D’après Stéphanie Vecchione, consultante en promotion digitale du livre, il existe plusieurs types de partenariats entre un influenceur et un professionnel de l’édition.
La plupart du temps il s’agit de partenariats non commerciaux. C’est le cas notamment des services presse et des jeux concours. L’influenceur n’est pas rémunéré ; il reçoit de la part de l’éditeur du contenu et un outil d’animation intéressant pour sa communauté. De plus, il ne parle que du livre dès lors qu’il l’a aimé ou que sa critique s’est avérée constructive.
Toutefois, à partir du moment où le travail demandé à l’influenceur devient conséquent, comme la création d’une vidéo visant à mettre en avant une maison d’édition par exemple, nous entrons dans la catégorie des partenariats commerciaux. Ce fut le cas notamment entre Decitre et Emilie Bulledop. Cette dernière a présenté l’offre et l’équipe de la librairie de Levallois. L’éditeur peut également demander à l’influenceur d’animer ses réseaux sociaux pendant une journée, une soirée ou même couvrir un événement.
Un des éléments déterminants pour un éditeur, dans sa volonté de nouer un partenariat avec influenceur, est le nombre d’abonnés de celui-ci. En effet, s’il a une communauté assez vaste, le partenariat sera très probablement de type commercial.
Quels sont les avantages pour le professionnel de l’édition ?
Stéphanie Vecchione explique qu’il est intéressant d’entretenir un ensemble de partenaires intéressés et engagés autour de son catalogue produits. Cela a des répercussions sur toutes les nouvelles sorties mais également sur le fonds de catalogue.
La principale limite d’un partenariat avec un influenceur est le coût. Pour un petit éditeur, Stéphanie Vecchione recommande de privilégier les partenariats non commerciaux, sauf s’il y a un enjeu très important autour d’un livre et qu’un budget assez élevé est prévu.
D’autre part, il ne faut pas oublier que créer une chaîne YouTube, pour une maison d’édition, prend du temps et de l’énergie. Il faut du temps pour créer les vidéos, créer et agrandir une communauté. Il faut aussi penser à rémunérer une ressource humaine dans certains cas. L’influenceur, de son côté, a déjà sa communauté. Il peut rapidement apporter des résultats concrets à l’éditeur. Le retour sur investissement (ROI) est plus impactant.
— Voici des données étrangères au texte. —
lemma sum_param_monom_children:
  assumes "n \<ge> 1" and "params n e = (int p, int q)"
  shows "(\<Sum>x | beta n e < int x \<and> x \<le> n. param_monom (Suc n) (e(Suc n := x)))
       = (\<Sum>i<p. monom (monom 1 i) (Suc q)) + (\<Sum>i<q. monom (monom 1 (Suc (p + i))) (q - i))"
proof -
  note pp = alpha_beta_of_params[OF assms]
  have "{x. beta n e < int x \<and> x \<le> n} = {Suc (n - q) - p..n - q + q}"
    using pp by auto
  then have "(\<Sum>x | beta n e < int x \<and> x \<le> n. param_monom (Suc n) (e(Suc n := x)))
      = (\<Sum>i<p. param_monom (Suc n) (e(Suc n := n - q - i)))
        + (\<Sum>i<q. param_monom (Suc n) (e(Suc n := Suc (n - q + i))))"
    using sum_atLeastAtMost_split_around[OF pp(4)] by simp
  also have "\<dots> = (\<Sum>i<p. monom (monom 1 i) (Suc q)) + (\<Sum>i<q. monom (monom 1 (Suc (p + i))) (q - i))"
  proof (intro arg_cong2[where f = "(+)"] sum.cong refl)
    fix i
    show "param_monom (Suc n) (e(Suc n := n - q - i)) = monom (monom 1 i) (Suc q)" if "i \<in> {..<p}"
      unfolding param_monom_def params_extend_le_alpha[OF assms that[unfolded lessThan_iff]]
      by (simp only: fst_conv snd_conv nat_int)
    show "param_monom (Suc n) (e(Suc n := Suc (n - q + i))) = monom (monom 1 (Suc (p + i))) (q - i)"
      if "i \<in> {..<q}"
      unfolding param_monom_def params_extend_gt_alpha[OF assms that[unfolded lessThan_iff]]
      by (simp only: fst_conv snd_conv nat_int)
  qed
  finally show ?thesis .
qed

lemma sum_powers_mult_power_eq:
  fixes u v :: "'a::field"
  assumes "u \<noteq> 1"
  shows "(\<Sum>i<p. u ^ i) * v ^ Suc q = v / (1 - u) * (v ^ q - u ^ p * v ^ q)"
proof -
  have "v ^ q - u ^ p * v ^ q = (1 - u ^ p) * v ^ q"
    by (simp add: algebra_simps)
  also have "\<dots> = (1 - u) * (\<Sum>i<p. u ^ i) * v ^ q"
    by (simp only: one_diff_power_eq)
  finally show ?thesis
    using assms by simp
qed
Un des faits importants concernant les influenceurs est qu’ils jouent un rôle dans la décision d’achat des internautes. En effet, depuis qu’il est possible de donner son avis sur Internet, les lecteurs les consultent, se font leur propre opinion et lisent les recommandations. Il a même été prouvé que l’internaute passe à l’acte d’achat à partir du moment où les avis qu’il a reçus sont positifs et qu’il a été recommandé par son entourage, un collègue ou un ami par exemple.
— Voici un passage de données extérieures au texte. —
lemma tanh_diagonal_minus_side:
  fixes \<alpha> s :: real
  assumes "0 < \<alpha>" "\<alpha> < pi / 2" "0 < s" "s < 1"
  defines "T \<equiv> cos \<alpha> / sin \<alpha> * ((1 - s\<^sup>2) / (2 * s))"
    and "Tc \<equiv> cos \<alpha> * (1 + s\<^sup>2) / (2 * s)"
    and "w \<equiv> cos \<alpha> / (sin \<alpha> + 1)"
  assumes "T < 1"
  shows "(Tc - T) / (1 - Tc * T) = 2 * (s * w) / (1 + (s * w)\<^sup>2)"
proof -
  note half = cos_sin_half_complement[OF assms(1,2), folded w_def]
  have w: "0 < w" "w\<^sup>2 < 1" using half(1,2) by (simp_all add: power_less_one_iff)
  have w_pm: "1 - w\<^sup>2 > 0" "1 + w\<^sup>2 > 0" using w by (simp_all add: add_pos_nonneg)
  have cot: "cos \<alpha> / sin \<alpha> = 2 * w / (1 - w\<^sup>2)"
    unfolding half(3,4) using w_pm by (simp add: divide_divide_eq_right)
  have T_w: "T = w * (1 - s\<^sup>2) / (s * (1 - w\<^sup>2))"
    using w_pm assms(3) unfolding T_def cot by (simp add: field_simps)
  have Tc_w: "Tc = w * (1 + s\<^sup>2) / (s * (1 + w\<^sup>2))"
    using w_pm assms(3) mult_pos_pos[OF assms(3) w_pm(2)] unfolding Tc_def half(3)
    by (simp add: field_simps)
  have "w * (1 - s\<^sup>2) < s * (1 - w\<^sup>2)"
    using \<open>T < 1\<close> w assms(3) unfolding T_w by (simp add: divide_less_eq)
  then have "(s - w) * (1 + s * w) > 0" by (simp add: algebra_simps power2_eq_square)
  moreover have "1 + s * w > 0" using w assms(3) by (simp add: add_pos_pos)
  ultimately have "w < s" by (simp add: zero_less_mult_iff)
  then have "s\<^sup>2 - w\<^sup>2 > 0" using w by (simp add: power_strict_mono)
  have T_clear: "T * (s * (1 - w\<^sup>2)) = w * (1 - s\<^sup>2)" and Tc_clear: "Tc * (s * (1 + w\<^sup>2)) = w * (1 + s\<^sup>2)"
    using w_pm assms(3) unfolding T_w Tc_w by simp_all
  define D where "D = s\<^sup>2 * (1 - w\<^sup>2) * (1 + w\<^sup>2)"
  have "D > 0" using w_pm assms(3) by (simp add: D_def)
  have "(1 - Tc * T) * D = (s\<^sup>2 - w\<^sup>2) * (1 + (s * w)\<^sup>2)"
    using T_clear Tc_clear unfolding D_def by algebra
  moreover have "(s\<^sup>2 - w\<^sup>2) * (1 + (s * w)\<^sup>2) > 0"
    using \<open>s\<^sup>2 - w\<^sup>2 > 0\<close> by (simp add: add_pos_nonneg)
  ultimately have "1 - Tc * T \<noteq> 0" by fastforce
  have "D * ((Tc - T) * (1 + (s * w)\<^sup>2)) = D * (2 * (s * w) * (1 - Tc * T))"
    using T_clear Tc_clear unfolding D_def by algebra
  then have "(Tc - T) * (1 + (s * w)\<^sup>2) = 2 * (s * w) * (1 - Tc * T)" using \<open>D > 0\<close> by simp
  moreover have "1 + (s * w)\<^sup>2 \<noteq> 0" by (smt (verit) zero_le_power2)
  ultimately show ?thesis using \<open>1 - Tc * T \<noteq> 0\<close> by (simp add: frac_eq_eq)
qed

theorem mainTheorem1:
  fixes A B C M :: complex and \<alpha> L l d h s t :: real
  assumes quad: "convex_quad 0 A B C"
    and angA: "hangle A 0 B = pi / 2"
    and angB: "hangle B A C = pi / 2"
    and angC: "hangle C B 0 = pi / 2"
    and angO: "hangle 0 A C = \<alpha>"
    and alpha: "0 < \<alpha>" "\<alpha> < pi / 2"
    and d_def: "d = hdist 0 A"
    and L_def: "L = hdist A B"
    and l_def: "l = hdist B C"
    and h_def: "hdist 0 C = L + h"
    and M_on: "M \<in> hseg 0 C"
    and M_dist: "hdist 0 M = h"
    and s_def: "s = cmod A"
    and t_def: "t = cmod M"
  shows "tanh L = cos \<alpha> / sin \<alpha> * ((1 - s^2) / (2 * s))
         \<and> t = cos \<alpha> / (sin \<alpha> + 1) * s"
proof -
  have disc: "cmod A < 1" "cmod B < 1" "cmod C < 1" and nz: "A \<noteq> 0" "C \<noteq> 0" "A \<noteq> B" "B \<noteq> C"
    using quad unfolding convex_quad_def in_disc_def by auto
  interpret lambert_quadrilateral A B C \<alpha>
    using disc nz angA angB angC angO alpha by unfold_locales
  have side: "tanh L = cos \<alpha> / sin \<alpha> * ((1 - s\<^sup>2) / (2 * s))"
    using tanh_side by (simp add: L_def s_def)
  define w where "w = cos \<alpha> / (sin \<alpha> + 1)"
  have s: "0 < s" "s < 1" using disc nz by (simp_all add: s_def)
  have "tanh h = tanh (hdist 0 C - L)" using h_def by simp
  also have "\<dots> = 2 * (s * w) / (1 + (s * w)\<^sup>2)"
    unfolding tanh_diff_real tanh_diagonal side s_def[symmetric] w_def
    using tanh_diagonal_minus_side[OF alpha s] side tanh_real_lt_1[of L] by simp
  finally have tanh_h: "tanh h = 2 * (s * w) / (1 + (s * w)\<^sup>2)" .
  have "t < 1" using M_on by (simp add: t_def hseg_def in_disc_def)
  then have eq: "2 * t / (1 + t\<^sup>2) = 2 * (s * w) / (1 + (s * w)\<^sup>2)"
    using tanh_h tanh_hdist_0[of M] M_dist by (simp add: t_def)
  have "0 < w" "w < 1" using cos_sin_half_complement[OF alpha] by (simp_all add: w_def)
  then have "0 \<le> s * w" "s * w < 1" using s mult_strict_mono[of s 1 w 1] by simp_all
  then have "t = s * w"
    using two_div_one_plus_sq_inj[OF _ \<open>t < 1\<close> _ _ eq] by (simp add: t_def)
  show ?thesis using side \<open>t = s * w\<close> by (simp add: w_def)
qed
Au niveau du tarif, combien ça coûte ?
La question “faut-il rémunérer un influenceur ?” a souvent été posée auprès des professionnels. Et la réponse est oui ! Pourquoi ? Tout simplement parce qu’ils sont des professionnels dont l’activité consiste à animer une communauté. En les sollicitant, une relation basée sur un contrat se forme.
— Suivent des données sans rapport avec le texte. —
(* Let $P$ be an affine property of finite sets of integers. For each positive integer $n$, let $S(n;P) \subseteq \{1,2,\dots,n\}$ be a subset of largest possible cardinality among the subsets of $\{1,\dots,n\}$ having property $P$, let $f(n;P) = |S(n;P)|$, and let $C_P(n) = f(n;P)/n$. Then $$\sum_{a \in S(n;P)} z^a = C_P(n) \sum_{k=1}^{n} z^k + o(n)$$ as $n \to \infty$, uniformly on $|z| = 1$; that is, $\sup_{|z|=1} \left| \sum_{a \in S(n;P)} z^a - C_P(n) \sum_{k=1}^{n} z^k \right| = o(n)$.
   Context: A property $P$ of finite sets of integers is called affine if (C1) for each fixed pair of integers $\alpha \neq 0$ and $\beta$, a set $\{a_n\}$ has $P$ if and only if $\{\alpha a_n + \beta\}$ has $P$; and (C2) if a set has $P$, then all of its subsets have $P$. Examples: the trivial property of just being a set, or the property of not containing any arithmetic progression of three distinct terms. *)

theory Defs
  imports "HOL-Analysis.Analysis" "HOL-Library.Landau_Symbols"
begin

definition affine_property :: "(int set \<Rightarrow> bool) \<Rightarrow> bool" where
  "affine_property P \<longleftrightarrow>
     (\<forall>A \<alpha> \<beta>. finite A \<longrightarrow> \<alpha> \<noteq> 0 \<longrightarrow> (P A \<longleftrightarrow> P ((\<lambda>a. \<alpha> * a + \<beta>) ` A))) \<and>
     (\<forall>A B. finite A \<longrightarrow> P A \<longrightarrow> B \<subseteq> A \<longrightarrow> P B)"

definition is_max_P_set :: "(int set \<Rightarrow> bool) \<Rightarrow> nat \<Rightarrow> int set \<Rightarrow> bool" where
  "is_max_P_set P n S \<longleftrightarrow> S \<subseteq> {1..int n} \<and> P S \<and>
     (\<forall>T. T \<subseteq> {1..int n} \<longrightarrow> P T \<longrightarrow> card T \<le> card S)"

end

theory Submission
  imports Defs "HOL-Analysis.Kronecker_Approximation_Theorem"
begin

text \<open>
  Fix \<open>\<epsilon> > 0\<close> and choose \<open>m\<close> with \<open>f(m;P)/m\<close> within \<open>\<epsilon>\<close> of the infimum of all densities, so
  \<open>f(m;P) \<le> (C\<^sub>P(n) + \<epsilon>) m\<close> for every \<open>n\<close>. For \<open>|z| = 1\<close>, Dirichlet's theorem gives \<open>q \<le> M\<close>
  with \<open>|z^q - 1| \<le> 2\<pi>/M\<close>. Every progression \<open>b, b - q, \<dots>, b - (m-1)q\<close> is an affine image of
  \<open>{1..m}\<close>, so by (C1) and (C2) it meets \<open>S(n;P)\<close> in at most \<open>f(m;P)\<close> points. Write the
  exponential sum as \<open>\<Sum> w(a) z^a\<close> with \<open>w = 1\<^bsub>S(n;P)\<^esub> - C\<^sub>P(n)\<close> on \<open>{1..n}\<close>, so that
  \<open>\<Sum> w = 0\<close>. Averaging it over the \<open>m\<close> shifts by multiples of \<open>q\<close> costs only
  \<open>O(n m\<^sup>2 |z^q - 1|)\<close> and yields \<open>\<Sum>\<^sub>b W(b) z^b\<close>, where \<open>W(b)\<close> is the sum of \<open>w\<close> over the
  progression ending at \<open>b\<close>. The \<open>W(b)\<close> sum to zero and are at most \<open>\<epsilon> m\<close> apart from \<open>O(mq)\<close>
  incomplete progressions, hence \<open>\<Sum> |W(b)| = O(\<epsilon> m n + m\<^sup>2 q)\<close>; dividing by \<open>m\<close> and taking
  \<open>M \<gg> m/\<epsilon>\<close>, \<open>n \<gg> m M/\<epsilon>\<close> gives the bound \<open>O(\<epsilon> n)\<close> uniformly in \<open>z\<close>.
\<close>

lemma norm_cis_minus_one_le: "norm (cis x - 1) \<le> \<bar>x\<bar>"
proof -
  have "(norm (cis x - 1))\<^sup>2 = (cos x - 1)\<^sup>2 + (sin x)\<^sup>2"
    by (simp add: cmod_def cis.code)
  also have "\<dots> = 4 * (sin (x/2))\<^sup>2"
    using cos_double_sin[of "x/2"] by (simp add: power2_eq_square algebra_simps)
  also have "\<dots> \<le> 4 * (x/2)\<^sup>2"
    using power_mono[OF abs_sin_x_le_abs_x[of "x/2"], of 2] by (simp add: power_divide)
  also have "\<dots> = \<bar>x\<bar>\<^sup>2" by (simp add: power2_eq_square)
  finally show ?thesis by (rule power2_le_imp_le) simp
qed

lemma unit_circle_Dirichlet:
  fixes z :: complex
  assumes "norm z = 1" "M > 0"
  obtains q :: nat where "0 < q" "q \<le> M" "norm (z^q - 1) \<le> 2*pi/M"
proof -
  define \<theta> where "\<theta> = Arg z / (2*pi)"
  obtain h k where hk: "0 < k" "k \<le> int M" "\<bar>of_int k * \<theta> - of_int h\<bar> < 1/M"
    using Dirichlet_approx[OF assms(2)] by blast
  define x where "x = 2*pi*(of_int k * \<theta> - of_int h)"
  have "z \<noteq> 0" using assms by auto
  then have z: "z = cis (Arg z)"
    using assms cis_Arg[of z] by (simp add: sgn_div_norm)
  have "z ^ nat k = cis (real (nat k) * Arg z)"
    by (subst z) (simp add: Complex.DeMoivre)
  also have "real (nat k) * Arg z = x + 2*pi * of_int h"
    using hk(1) by (simp add: x_def \<theta>_def algebra_simps)
  also have "cis \<dots> = cis x"
    by (simp add: cis_mult[symmetric])
  finally have "norm (z ^ nat k - 1) \<le> \<bar>x\<bar>"
    using norm_cis_minus_one_le by simp
  also have "\<bar>x\<bar> = 2*pi * \<bar>of_int k * \<theta> - of_int h\<bar>"
    by (simp add: x_def abs_mult)
  also have "\<dots> \<le> 2*pi/M"
    using mult_left_mono[OF less_imp_le[OF hk(3)], of "2*pi"] by simp
  finally show ?thesis
    using hk(1,2) by (intro that[of "nat k"]) auto
qed

lemma norm_power_sub_power_shift_le:
  fixes z :: "'a::real_normed_field"
  assumes "norm z = 1" "t*q \<le> b"
  shows "norm (z^(b - t*q) - z^b) \<le> t * norm (z^q - 1)"
proof -
  have "z^b = z^(b - t*q) * (z^q)^t"
    using assms(2) by (simp flip: power_add power_mult add: mult.commute)
  then have "z^(b - t*q) - z^b = z^(b - t*q) * (1 - (z^q)^t)"
    by (simp add: algebra_simps)
  then have "norm (z^(b - t*q) - z^b) = norm ((z^q)^t - 1^t)"
    by (simp add: norm_mult norm_power assms(1) norm_minus_commute)
  also have "\<dots> \<le> t * norm (z^q - 1)"
    by (rule norm_power_diff) (simp_all add: norm_power assms(1))
  finally show ?thesis .
qed

text \<open>The guard \<open>t*q \<le> b\<close> drops the terms whose index would be truncated to \<open>0\<close>.\<close>

definition prog_sum :: "(nat \<Rightarrow> 'a::comm_monoid_add) \<Rightarrow> nat \<Rightarrow> nat \<Rightarrow> nat \<Rightarrow> 'a" where
  "prog_sum w q m b = (\<Sum>t<m. if t*q \<le> b then w (b - t*q) else 0)"

lemma mult_less_of_progression:
  fixes m q b t :: nat
  assumes "(m - 1)*q < b" "t < m"
  shows "t*q < b"
proof -
  have "t*q \<le> (m - 1)*q" by (rule mult_le_mono1) (use assms(2) in simp)
  with assms(1) show ?thesis by linarith
qed

lemma prog_sum_eq:
  assumes "(m - 1)*q < b"
  shows "prog_sum w q m b = (\<Sum>t<m. w (b - t*q))"
  unfolding prog_sum_def
  by (rule sum.cong) (simp_all add: less_imp_le mult_less_of_progression[OF assms])

lemma sum_lessThan_shift:
  fixes g :: "nat \<Rightarrow> 'a::comm_monoid_add"
  assumes "\<forall>a>n. g a = 0" "d + n < R"
  shows "(\<Sum>b<R. if d \<le> b then g (b - d) else 0) = (\<Sum>a\<le>n. g a)"
proof -
  have "(\<Sum>b<R. if d \<le> b then g (b - d) else 0) = (\<Sum>b\<in>{d..<R}. g (b - d))"
    by (subst sum.If_cases) (auto intro!: sum.cong)
  also have "\<dots> = (\<Sum>a<R - d. g a)"
    using sum.shift_bounds_nat_ivl[of "\<lambda>b. g (b - d)" 0 d "R - d"] assms(2)
    by (simp add: lessThan_atLeast0)
  also have "\<dots> = (\<Sum>a\<le>n. g a)"
    by (rule sum.mono_neutral_right) (use assms in auto)
  finally show ?thesis .
qed

lemma sum_prog_sum:
  fixes w :: "nat \<Rightarrow> 'a::semiring_1"
  assumes "\<forall>a>n. w a = 0" "q > 0" "n + m*q \<le> R"
  shows "(\<Sum>b<R. prog_sum w q m b) = of_nat m * (\<Sum>a\<le>n. w a)"
proof -
  have "(\<Sum>b<R. prog_sum w q m b) = (\<Sum>t<m. \<Sum>b<R. if t*q \<le> b then w (b - t*q) else 0)"
    unfolding prog_sum_def by (rule sum.swap)
  also have "\<dots> = (\<Sum>t<m. \<Sum>a\<le>n. w a)"
  proof (rule sum.cong[OF refl])
    fix t assume "t \<in> {..<m}"
    with assms(2) have "t*q < m*q" by simp
    with assms(3) have "t*q + n < R" by linarith
    then show "(\<Sum>b<R. if t*q \<le> b then w (b - t*q) else 0) = (\<Sum>a\<le>n. w a)"
      by (rule sum_lessThan_shift[OF assms(1)])
  qed
  finally show ?thesis by simp
qed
Toutefois, la rémunération peut prendre plusieurs formes : l’influenceur peut recevoir de la part du professionnel un produit gratuitement, en l’occurrence le livre sur lequel il doit communiquer, une invitation à un événement (un salon du livre par exemple) ou encore une compensation financière.
Les critères pour fixer la rémunération sont multiples ! Il faut prendre en considération la “puissance” de l’influenceur. En effet, plus sa communauté est élevée, plus il réalise d’engagement et plus la rémunération sera conséquente. De même que la zone géographique de l’influenceur a son importance. En effet, le coût d’investissement en campagne d’influence dépend avant tout du prix du marché. Faire appel à un influenceur parisien coûtera plus cher qu’un influenceur tunisien par exemple. Enfin, la complexité du brief joue également un rôle dans la rémunération. Plus la demande sera exigeante et demandera du temps, plus le coût sera élevé.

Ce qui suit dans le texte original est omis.